___ Study material
lemma gauss_lift:
  fixes \<pi> :: "('v, 'k) mpoly"
  assumes "vars_in W \<pi>" "irreducible \<pi>"
  shows "prime_in (insert x W) \<pi>"
  unfolding prime_in_def
proof (intro allI impI)
  fix a b :: "('v, 'k) mpoly"
  assume a: "vars_in (insert x W) a" and b: "vars_in (insert x W) b" and dvd: "\<pi> dvd a * b"
  have "W \<subseteq> - {x}" using x_notin by blast
  then have \<pi>x: "vars_in (- {x}) \<pi>" using vars_in_mono[OF assms(1)] by blast
  have W: "insert x W - {x} = W" using x_notin by blast
  have coeffs: "vars_in W (coeff (upoly x a) i)" "vars_in W (coeff (upoly x b) i)" for i
    using coeffs_in_upoly[OF a, of x] coeffs_in_upoly[OF b, of x] unfolding W coeffs_in_def by blast+
  have "\<forall>n. \<pi> dvd coeff (upoly x a * upoly x b) n"
    using dvd_iff_dvd_coeffs[OF \<pi>x, of "a * b"] dvd unfolding upoly_mult by blast
  then have "(\<forall>i. \<pi> dvd coeff (upoly x a) i) \<or> (\<forall>j. \<pi> dvd coeff (upoly x b) j)"
    using content_prime_lemma prime_W[OF assms] coeffs unfolding prime_in_def by blast
  then show "\<pi> dvd a \<or> \<pi> dvd b" using dvd_iff_dvd_coeffs[OF \<pi>x] by blast
qed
______
◆ Exercise brief ◆
Above are the records; repeat exactly the lines from the one holding "(upoly x a *" down to the one holding "i) \<or> (\<forall>j.", end lines included.

◆ Answer box ◆
  have "\<forall>n. \<pi> dvd coeff (upoly x a * upoly x b) n"
    using dvd_iff_dvd_coeffs[OF \<pi>x, of "a * b"] dvd unfolding upoly_mult by blast
  then have "(\<forall>i. \<pi> dvd coeff (upoly x a) i) \<or> (\<forall>j. \<pi> dvd coeff (upoly x b) j)"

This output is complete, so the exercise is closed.